**What is expected:**
Once you find a line containing the word "assms" in the entries below, copy it.

(Beginning of Input data)

lemma residual_in_orth_compl:
  assumes W: "csubspace m W" and B: "onb m W d u" and v: "is_vec m v"
  shows "(\<lambda>t. v t - proj m d u v t) \<in> orth_compl m W" (is "?q \<in> _")
proof -
  have "proj m d u v \<in> W" using B by (intro proj_in_csubspace[OF W]) (simp add: onb_def)
  then have "is_vec m ?q" using v csubspace_is_vec[OF W] by (auto simp: is_vec_def)
  moreover have "cinner m w ?q = 0" if "w \<in> W" for w
  proof -
    have "\<forall>i<d. cinner m (u i) ?q = 0"
      using B by (simp add: cinner_diff_right cinner_proj_right onb_def)
    then have "cinner m (proj m d u w) ?q = 0" by (simp add: cinner_proj_left)
    then show ?thesis using B that by (simp add: onb_def)
  qed
  ultimately show ?thesis by (simp add: orth_compl_def)
qed

lemma orth_compl_proper:
  assumes "csubspace m W" "W \<noteq> {\<lambda>_. 0}"
  shows "orth_compl m W \<noteq> {v. is_vec m v}"
proof
  assume full: "orth_compl m W = {v. is_vec m v}"
  have "w = (\<lambda>_. 0)" if "w \<in> W" for w
  proof -
    have "w \<in> orth_compl m W" using full csubspace_is_vec[OF assms(1) that] by blast
    then show ?thesis using that cinner_self_eq_0 by (auto simp: orth_compl_def)
  qed
  then show False using assms csubspace_zero by blast
qed

definition compress ::
  "nat \<Rightarrow> ('a \<Rightarrow> nat \<Rightarrow> nat \<Rightarrow> complex) \<Rightarrow> nat \<Rightarrow> (nat \<Rightarrow> nat \<Rightarrow> complex) \<Rightarrow> 'a \<Rightarrow> nat \<Rightarrow> nat \<Rightarrow> complex"
  where "compress m \<rho> d u = (\<lambda>y i j. if i < d \<and> j < d then cinner m (u i) (mat_vec m (\<rho> y) (u j)) else 0)"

(End of Input data)

**Solution below:**
    have "w \<in> orth_compl m W" using full csubspace_is_vec[OF assms(1) that] by blast
  then show False using assms csubspace_zero by blast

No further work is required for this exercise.